DEV Community

龙虾牧马人
龙虾牧马人

Posted on

NVIDIA Just Open-Sourced 'LocateAnything-3B': Find ANY Object in Any Image (30 Lines of Code)

TL;DR: NVIDIA released LocateAnything-3B — a 3 billion parameter vision-language model that can find any object in any image or video just from a text description. It runs on consumer GPUs (8GB+ VRAM), works with 30 lines of Python, and supports object detection, phrase grounding, OCR, GUI element detection, and more.


The "Where's Waldo?" AI

Ever needed to find every "red shirt" in a photo? NVIDIA's new LocateAnything-3B does exactly that — and it's open source. Released just 6 days ago (May 26, 2026), this model represents a leap forward in visual grounding.

Wait, isn't this just YOLO?

YOLO can only detect what it was trained on. LocateAnything finds anything you describe — unlimited categories, GUI elements, scene text, and more.

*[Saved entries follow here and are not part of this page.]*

theorem mainTheorem5:
  shows "(\<forall>S :: nat set. numerical_semigroup S \<and> unique_betti S \<longrightarrow>
            telescopic S \<and> alpha_rectangular S) \<and>
         (numerical_semigroup (generated {4, 6, 13}) \<and>
          plane_branch (generated {4, 6, 13}) \<and>
          telescopic (generated {4, 6, 13}) \<and>
          alpha_rectangular (generated {4, 6, 13}) \<and>
          \<not> unique_betti (generated {4, 6, 13}))"
  using unique_betti_imp_telescopic_alpha_rectangular numerical_semigroup_S_4_6_13
    plane_branch_S_4_6_13 telescopic_S_4_6_13 alpha_rectangular_S_4_6_13
    not_unique_betti_S_4_6_13
  by blast

end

The Secret Sauce: Parallel Box Decoding

Instead of generating bounding box coordinates token by token (autoregressive), LocateAnything uses Parallel Box Decoding — predicting complete bounding box coordinates in a single parallel step, achieving up to 2.5x higher throughput.

How to Run It (3 lines)

from transformers import pipeline
pipe = pipeline("image-text-to-text", model="nvidia/LocateAnything-3B", trust_remote_code=True)
result = pipe([{"type": "image", "url": "photo.jpg"}, {"type": "text", "text": "Locate all cars in this image."}])
Enter fullscreen mode Exit fullscreen mode

Hardware Requirements

  • 8GB+ VRAM (RTX 3060 12GB works with quantization)
  • 16GB+ system RAM

Serve via API (vLLM)

pip install vllm
vllm serve "nvidia/LocateAnything-3B"
Enter fullscreen mode Exit fullscreen mode

Docker

docker model run hf.co/nvidia/LocateAnything-3B
Enter fullscreen mode Exit fullscreen mode

Community Ecosystem

Tool Description
WebUI (16★) Docker-based web interface
ComfyUI Node For our image pipeline!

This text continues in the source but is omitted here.